CSS is partially supported by Internet Explorer 3.01 and later, Netscape Navigator 4.6 and later, and Opera 3.6 and later. Figuring out exactly what features are supported in which browser versions is an arcane subject indeed. Eric Meyer's Style Sheet Reference Guide and the House of Style both include browser compatibility charts. For any given browser version (and there are often differences between Windows and Mac versions), there are features that work, features that don't, and others that work some of the time or in some weird way. Something close to full CSS-1 support is found only in the most current versions. According to WebReview, IE 5.5 supports 92.5% of the CSS1 spec, Netscape 6 supports 98.5%, and Opera 5 supports 98.9%.
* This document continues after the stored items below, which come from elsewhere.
lemma phi2_SL3_eis: "y \<in> SL2_eis \<Longrightarrow> phi2 y \<in> SL3_eis"
  unfolding SL2_eis_def SL3_eis_def by (simp add: phi2_def forall_3 det_mat3 det_2 algebra_simps)

lemma SL3_eis_upper_triangularize:
  assumes R: "unit_reps R" and S: "\<And>c. c \<in> eis - {0} \<Longrightarrow> residue_reps c (S c)"
    and A: "A \<in> SL3_eis"
  obtains y1 y2 y3 where "y1 \<in> Yset R S" "y2 \<in> Yset R S" "y3 \<in> Yset R S"
    and "phi2 y3 ** (phi1 y2 ** (phi2 y1 ** A)) \<in> SL3_eis"
    and "upper_triangular3 (phi2 y3 ** (phi1 y2 ** (phi2 y1 ** A)))"
proof -
  note SL3_phi = SL3_eis_mult[OF phi1_SL3_eis] SL3_eis_mult[OF phi2_SL3_eis]
    and Y = Yset_subset_SL2_eis[THEN subsetD]
  obtain y1 where y1: "y1 \<in> Yset R S" "y1$2$1 * A$2$1 + y1$2$2 * A$3$1 = 0"
    using Yset_annihilates[OF R S] SL3_eis_nth[OF A] by metis
  define A1 where "A1 = phi2 y1 ** A"
  have A1: "A1 \<in> SL3_eis" "A1$3$1 = 0"
    using y1 A by (simp_all add: A1_def SL3_phi Y phi2_mult_nth)
  obtain y2 where y2: "y2 \<in> Yset R S" "y2$2$1 * A1$1$1 + y2$2$2 * A1$2$1 = 0"
    using Yset_annihilates[OF R S] SL3_eis_nth[OF A1(1)] by metis
  define A2 where "A2 = phi1 y2 ** A1"
  have A2: "A2 \<in> SL3_eis" "A2$2$1 = 0" "A2$3$1 = 0"
    using y2 A1 by (simp_all add: A2_def SL3_phi Y phi1_mult_nth)
  obtain y3 where y3: "y3 \<in> Yset R S" "y3$2$1 * A2$2$2 + y3$2$2 * A2$3$2 = 0"
    using Yset_annihilates[OF R S] SL3_eis_nth[OF A2(1)] by metis
  have "phi2 y3 ** A2 \<in> SL3_eis" "upper_triangular3 (phi2 y3 ** A2)"
    using y3 A2 by (simp_all add: SL3_phi Y upper_triangular3_def phi2_mult_nth)
  then show ?thesis
    using that y1(1) y2(1) y3(1) by (simp add: A1_def A2_def)
qed

section \<open>Upper triangular matrices: $D(3)\,U(3)\,\Gamma_\infty(3)\<close>

text \<open>Reduce the $(1,2)$ and $(2,3)$ entries modulo 3 first; the $(1,3)$ entry of the product then
  picks up the cross term $3\alpha s$, which is absorbed before reducing it.\<close>

lemma unipotent_U3_Gamma_inf3_decomp:
  assumes "x \<in> eis" "y \<in> eis" "z \<in> eis"
  shows "\<exists>u \<in> U3. \<exists>C \<in> Gamma_inf3. mat3 1 x y 0 1 z 0 0 1 = u ** C"
proof -
  obtain \<alpha> p where \<alpha>: "\<alpha> \<in> small_eis" "p \<in> eis" "x = \<alpha> + 3 * p"
    using eis_mod3_decomp assms(1) by blast
  obtain \<gamma> s where \<gamma>: "\<gamma> \<in> small_eis" "s \<in> eis" "z = \<gamma> + 3 * s"
    using eis_mod3_decomp assms(3) by blast
  have "\<alpha> \<in> eis"
    using \<alpha>(1) unfolding small_eis_def eis_def by blast
  then obtain \<beta> r where \<beta>: "\<beta> \<in> small_eis" "r \<in> eis" "y - 3 * \<alpha> * s = \<beta> + 3 * r"
    using eis_mod3_decomp[of "y - 3 * \<alpha> * s"] assms(2) \<gamma>(2) by auto
  define C where "C = mat3 1 (3 * p) (3 * r) 0 1 (3 * s) 0 0 1"
  have "C \<in> SL3_eis"
    unfolding SL3_eis_def C_def using \<alpha>(2) \<beta>(2) \<gamma>(2) by (simp add: forall_3 det_mat3)
  moreover have "\<forall>i j. \<exists>k \<in> eis. C$i$j - (mat 1 :: complex^3^3)$i$j = 3 * k"
    using \<alpha>(2) \<beta>(2) \<gamma>(2) eis_0 by (simp add: C_def mat_def forall_3)
  ultimately have "C \<in> Gamma_inf3"
    unfolding Gamma_inf3_def Gamma3_def C_def by blast
  moreover have "mat3 1 \<alpha> \<beta> 0 1 \<gamma> 0 0 1 \<in> U3"
    unfolding U3_def using \<alpha>(1) \<beta>(1) \<gamma>(1) by blast
  moreover have "mat3 1 x y 0 1 z 0 0 1 = mat3 1 \<alpha> \<beta> 0 1 \<gamma> 0 0 1 ** C"
    using \<alpha>(3) \<beta>(3) \<gamma>(3) by (simp add: C_def mat3_mult mat3_eq_iff algebra_simps)
  ultimately show ?thesis by blast
qed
The position of what I call the "standards camp" is this: Most current browser versions support HTML 4.0 and CSS-1 pretty darn well (with certain notable exceptions), so let's start using these standards to their fullest, instead of being so obsessed with making our pages backward-compatible.

 

One of the torch bearers for this worldview is the Web Standards Project (WaSP), which describes itself as "a grassroots coalition fighting for standards on the Web." WaSP encourages developers to take advantage of current W3C standards "even if the resulting sites fail (or look less than optimal) in old, non- standards-compliant Web browsers."

 

These true believers point out that the more developers dumb down their code for the benefit of old browsers, the less incentive users have to upgrade. Instead of encouraging people to keep their old browsers, we should be encouraging them to grab a nice shiny new free copy of Internet Explorer 5.5, Internet Explorer for the Mac, Netscape 6, or Opera 5, and get those old browsers off the highway. WaSP's Browser Upgrade Initiative aims to spread the word. The case is stated very well in an article from A List Apart called To Hell with Bad Browsers.

 

Predictably, some folks strongly disagree with this sort of thing. One member of the "compatibility party" points out that the Web is supposed to be a free-form, cross-platform, do-your- own-thing medium. What gives anyone the right to tell people what platform or browser version to use? However, newer standards such as HTML 4.0, CSS and XML don't force anyone to use a particular platform — rather the opposite. The idea is simply to enforce standards so that everyone can talk to everyone else.

 

A more thought-provoking rebuttal came from a professional pundit, who pointed out that those nice new browsers come with hefty system requirements that many people in the world simply can't afford to meet. As the Web truly is a worldwide medium, this is something worth keeping in mind. Billions of potential Web users live in countries where cassette tapes are still the state of the art in stereo gear, and lots of people spend all day working with 286s running DOS.

 

The most compelling need to choose backward compatibility over current standards is felt by those selling products online, especially those brave souls who aren't targeting computer users per se. The mantra of the e-commerce crowd is Turn No Potential Customer Away. If you're a niche vendor running a mail-order business, then the danger of losing business among less sophisticated Web users may loom larger than the benefits of a standards-compliant Web site.